SECURITIES AND EXCHANGE COMMISSION

WASHINGTON, D.C. 20549

____________________________________________

FORM 8-K

 

CURRENT REPORT

 

PURSUANT TO SECTION 13 OR 15(d) OF THE

SECURITIES EXCHANGE ACT OF 1934

 

Date of report (Date of earliest event reported): August 28, 2023

____________________________________________

 

Molecular Templates, Inc.

(Exact name of registrant as specified in its charter)
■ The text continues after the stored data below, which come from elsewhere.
lemma succ_min_pos:
  assumes "is_lattice L" "bounded K" "1 \<le> i"
    and "0 < \<mu>" "i \<le> dim (L \<inter> (\<lambda>x. \<mu> *\<^sub>R x) ` K)"
  shows "0 < succ_min L K i"
proof -
  obtain \<delta> where \<delta>: "\<delta> > 0" "\<And>x. x \<in> L \<Longrightarrow> x \<noteq> 0 \<Longrightarrow> \<delta> \<le> norm x"
    using lattice_norm_bounded_below[OF assms(1)] by blast
  obtain r where r: "r > 0" "\<forall>y\<in>K. norm y \<le> r"
    using assms(2) by (auto simp: bounded_pos)
  have "\<delta> / r \<le> lam" if lam: "0 < lam" "i \<le> dim (L \<inter> (\<lambda>x. lam *\<^sub>R x) ` K)" for lam
  proof -
    have "\<not> L \<inter> (\<lambda>x. lam *\<^sub>R x) ` K \<subseteq> {0}"
    proof
      assume "L \<inter> (\<lambda>x. lam *\<^sub>R x) ` K \<subseteq> {0}"
      then have "dim (L \<inter> (\<lambda>x. lam *\<^sub>R x) ` K) = 0" by simp
      then show False using lam(2) assms(3) by linarith
    qed
    then obtain y where y: "y \<in> K" "lam *\<^sub>R y \<in> L" "lam *\<^sub>R y \<noteq> 0" by blast
    have "\<delta> \<le> norm (lam *\<^sub>R y)" using \<delta>(2) y(2,3) .
    also have "\<dots> = lam * norm y" using lam(1) by simp
    also have "\<dots> \<le> lam * r" using r(2) y(1) lam(1) by simp
    finally show ?thesis using r(1) by (simp add: pos_divide_le_eq)
  qed
  then have "\<delta> / r \<le> succ_min L K i"
    unfolding succ_min_def by (intro cInf_greatest) (use assms(4,5) in auto)
  moreover have "0 < \<delta> / r" using \<delta>(1) r(1) by simp
  ultimately show ?thesis by linarith
qed

lemma inverse_le_powr_of_powr_le:
  fixes a P n :: real
  assumes "0 < a" "0 < P" "0 < n"
    and "(a * P) powr (- 1 / (n + 1)) \<le> P powr (- 1 / n)"
  shows "1 / a \<le> (a * P) powr (- 1 / (n + 1))"
proof -
  have "ln ((a * P) powr (- 1 / (n + 1))) \<le> ln (P powr (- 1 / n))"
    using assms(1,2) by (intro ln_mono[OF assms(4)]) simp
  then have "- 1 / (n + 1) * (ln a + ln P) \<le> - 1 / n * ln P"
    using assms(1,2) by (simp add: ln_mult_pos)
  then have "ln P \<le> n * ln a"
    using assms(3) by (simp add: field_simps)
  then have "(ln a + ln P) / (n + 1) \<le> ln a"
    using assms(3) by (simp add: field_simps)
  then show ?thesis
    using assms(1,2) by (simp add: ln_divide_pos ln_mult_pos flip: ln_le_cancel_iff)
qed

lemma powr_le_of_powr_product_le:
  fixes Q G s t :: real
  assumes "0 < Q" "0 < G" "0 < s" "0 < t" "(Q * G) powr (s / (s + t)) \<le> Q"
  shows "G powr (s / t) \<le> Q"
proof -
  have "s / (s + t) * (ln Q + ln G) \<le> ln Q"
    using assms by (simp add: ln_mult_pos flip: ln_le_cancel_iff)
  then have "s * ln G \<le> t * ln Q"
    using assms(3,4) by (simp add: field_simps)
  then have "s / t * ln G \<le> ln Q"
    using assms(4) by (simp add: field_simps)
  then show ?thesis
    using assms(1,2) by (simp flip: ln_le_cancel_iff)
qed

lemma inverse_le_powr_top_product:
  fixes lam :: "nat \<Rightarrow> real"
  assumes pos: "\<And>j. 1 \<le> j \<Longrightarrow> j \<le> d \<Longrightarrow> 0 < lam j"
    and mono: "\<And>i j. 1 \<le> i \<Longrightarrow> i \<le> j \<Longrightarrow> j \<le> d \<Longrightarrow> lam i \<le> lam j"
    and "3 \<le> q" "q \<le> d"
    and "(\<Prod>j\<in>{d-q+1..d}. lam j) powr (- 1 / (real q - 1))
           \<le> (\<Prod>j\<in>{d-(q-1)+1..d}. lam j) powr (- 1 / (real (q-1) - 1))"
  shows "\<forall>i\<in>{d-q+1..d}. 1 / lam i \<le> (\<Prod>j\<in>{d-q+1..d}. lam j) powr (- 1 / (real q - 1))"
proof
  fix i assume i: "i \<in> {d-q+1..d}"
  define a where "a = lam (d-q+1)"
  define P where "P = (\<Prod>j\<in>{d-(q-1)+1..d}. lam j)"
  have a: "0 < a" unfolding a_def using assms(3,4) by (intro pos) auto
  have P: "0 < P" unfolding P_def by (intro prod_pos) (auto intro: pos)
  have "(\<Prod>j\<in>{d-q+1..d}. lam j) = a * P"
    unfolding a_def P_def using assms(3,4)
    by (simp add: prod.atLeast_Suc_atMost Suc_diff_le)
  moreover have "real q - 1 = (real q - 2) + 1" "real (q-1) - 1 = real q - 2"
    using assms(3) by auto
  ultimately have "1 / a \<le> (\<Prod>j\<in>{d-q+1..d}. lam j) powr (- 1 / (real q - 1))"
    using inverse_le_powr_of_powr_le[OF a P, of "real q - 2"] assms(3,5) P_def by simp
  moreover have "a \<le> lam i" unfolding a_def using i by (intro mono) auto
  then have "1 / lam i \<le> 1 / a" using a by (simp add: frac_le)
  ultimately show "1 / lam i \<le> (\<Prod>j\<in>{d-q+1..d}. lam j) powr (- 1 / (real q - 1))"
    by linarith
qed

lemma top_product_powr_le_bottom_product:
  fixes lam :: "nat \<Rightarrow> real"
  assumes pos: "\<And>j. 1 \<le> j \<Longrightarrow> j \<le> d \<Longrightarrow> 0 < lam j"
    and "3 \<le> i" "i \<le> q" "q \<le> d"
    and inv: "\<forall>j\<in>{d-q+1..d}. 1 / lam j \<le> (\<Prod>j\<in>{d-q+1..d}. lam j) powr (- 1 / (real q - 1))"
  shows "(\<Prod>j\<in>{d-i+2..d}. lam j) powr ((real q - real i + 1) / (real i - 2))
           \<le> (\<Prod>j\<in>{d-q+1..d-i+1}. lam j)"
proof -
  define G where "G = (\<Prod>j\<in>{d-i+2..d}. lam j)"
  define Q where "Q = (\<Prod>j\<in>{d-q+1..d-i+1}. lam j)"
  define m where "m = q - i + 1"
  have G: "0 < G" unfolding G_def by (intro prod_pos) (auto intro: pos)
  have Q: "0 < Q" unfolding Q_def using assms(2-4) by (intro prod_pos) (auto intro: pos)
  have "{d-q+1..d} = {d-q+1..d-i+1} \<union> {d-i+2..d}" using assms(2-4) by auto
  then have QG: "(\<Prod>j\<in>{d-q+1..d}. lam j) = Q * G"
    unfolding Q_def G_def by (simp add: prod.union_disjoint)
  define \<alpha> where "\<alpha> = (Q * G) powr (- 1 / (real q - 1))"
  have \<alpha>: "0 < \<alpha>" unfolding \<alpha>_def using Q G by simp
  have "1 / \<alpha> \<le> lam j" if j: "j \<in> {d-q+1..d-i+1}" for j
  proof -
    have "0 < lam j" using j assms(2-4) by (intro pos) auto
    moreover have "j \<in> {d-q+1..d}" using j assms(2-4) by auto
    then have "1 / lam j \<le> \<alpha>" using inv QG unfolding \<alpha>_def by auto
    ultimately show ?thesis using \<alpha> by (simp add: field_simps)
  qed
  then have "(\<Prod>j\<in>{d-q+1..d-i+1}. 1 / \<alpha>) \<le> Q"
    unfolding Q_def using \<alpha> by (intro prod_mono) auto
  moreover have "card {d-q+1..d-i+1} = m" unfolding m_def using assms(2-4) by auto
  ultimately have "(1 / \<alpha>) ^ m \<le> Q" by simp
  moreover have "1 / \<alpha> = (Q * G) powr (1 / (real q - 1))"
    unfolding \<alpha>_def by (simp add: powr_minus_divide)
  then have "(1 / \<alpha>) ^ m = (Q * G) powr (real m / (real q - 1))"
    using Q G by (simp add: powr_powr flip: powr_realpow)
  moreover have "real m / (real q - 1) = (real q - real i + 1) / ((real q - real i + 1) + (real i - 2))"
    unfolding m_def using assms(3) by (simp add: of_nat_diff)
  ultimately have "(Q * G) powr ((real q - real i + 1) / ((real q - real i + 1) + (real i - 2))) \<le> Q"
    by simp
  then have "G powr ((real q - real i + 1) / (real i - 2)) \<le> Q"
    using assms(2,3) by (intro powr_le_of_powr_product_le[OF Q G]) auto
  then show ?thesis unfolding G_def Q_def .
qed

theorem lemma2:
  fixes L :: "(real^'n) set" and k q :: nat and alpha :: real
  defines "d \<equiv> CARD('n)"
  defines "lam \<equiv> (\<lambda>i. succ_min L (cball 0 1) i)"
  defines "alpha \<equiv> Min ((\<lambda>i. (\<Prod>j\<in>{d-i+1..d}. lam j) powr (- 1 / (real i - 1))) ` {d-k+1..d})"
  assumes "1 \<le> k" and "k \<le> d - 1"
    and "is_lattice L"
    and "lam d \<le> 1"
    and "q \<in> {d-k+1..d}"
    and "alpha = (\<Prod>j\<in>{d-q+1..d}. lam j) powr (- 1 / (real q - 1))"
    and "q \<ge> d - k + 2"
  shows "(\<forall>i\<in>{d-q+1..d}. 1 / lam i \<le> alpha) \<and>
         (\<forall>i\<in>{3..d-k+2}. (\<Prod>j\<in>{d-i+2..d}. lam j) powr ((real q - real i + 1) / (real i - 2))
              \<le> (\<Prod>j\<in>{d-q+1..d-i+1}. lam j))"
proof -
  have q: "3 \<le> q" "q \<le> d" using assms(5,8,10) by auto
  obtain R where R: "0 < R" "d \<le> dim (L \<inter> (\<lambda>x. R *\<^sub>R x) ` cball 0 1)"
    using lattice_dim_inter_scaled_cball[OF assms(6)] unfolding d_def by blast
  have pos: "0 < lam j" if "1 \<le> j" "j \<le> d" for j
    unfolding lam_def using that R by (intro succ_min_pos[OF assms(6) bounded_cball _ R(1)]) auto
  have mono: "lam i \<le> lam j" if "1 \<le> i" "i \<le> j" "j \<le> d" for i j
    unfolding lam_def using that R by (intro succ_min_mono[OF _ R(1)]) auto
  have "alpha \<le> (\<Prod>j\<in>{d-(q-1)+1..d}. lam j) powr (- 1 / (real (q-1) - 1))"
    unfolding alpha_def using assms(10) q
    by (intro Min_le finite_imageI image_eqI[where x = "q - 1"]) auto
  then have inverse_le: "\<forall>i\<in>{d-q+1..d}. 1 / lam i \<le> alpha"
    using inverse_le_powr_top_product[of d lam, OF pos mono q] assms(9) by simp
  moreover have "\<forall>i\<in>{3..d-k+2}. (\<Prod>j\<in>{d-i+2..d}. lam j) powr ((real q - real i + 1) / (real i - 2))
      \<le> (\<Prod>j\<in>{d-q+1..d-i+1}. lam j)"
    using top_product_powr_le_bottom_product[of d lam, OF pos _ _ q(2) inverse_le[unfolded assms(9)]]
      assms(10) by auto
  ultimately show ?thesis by blast
qed

end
____________________________________________

 

Delaware   001-32979   94-3409596
(State or other jurisdiction of incorporation or organization)   (Commission File Number)   (I.R.S. Employer Identification No.)

 

9301 Amberglen Blvd, Suite 100

Austin, Texas 78729

(Address of Principal Executive Offices) (Zip Code)

 

Registrant’s telephone number, including area code: (512) 869-1555

____________________________________________

 

 

Check the appropriate box below if the Form 8-K filing is intended to simultaneously satisfy the filing obligations of the registrant under any of the following provisions:

 

Written communications pursuant to Rule 425 under the Securities Act (17 CFR 230.425)

Soliciting material pursuant to Rule 14a-12 under the Exchange Act (17 CFR 240.14a-12)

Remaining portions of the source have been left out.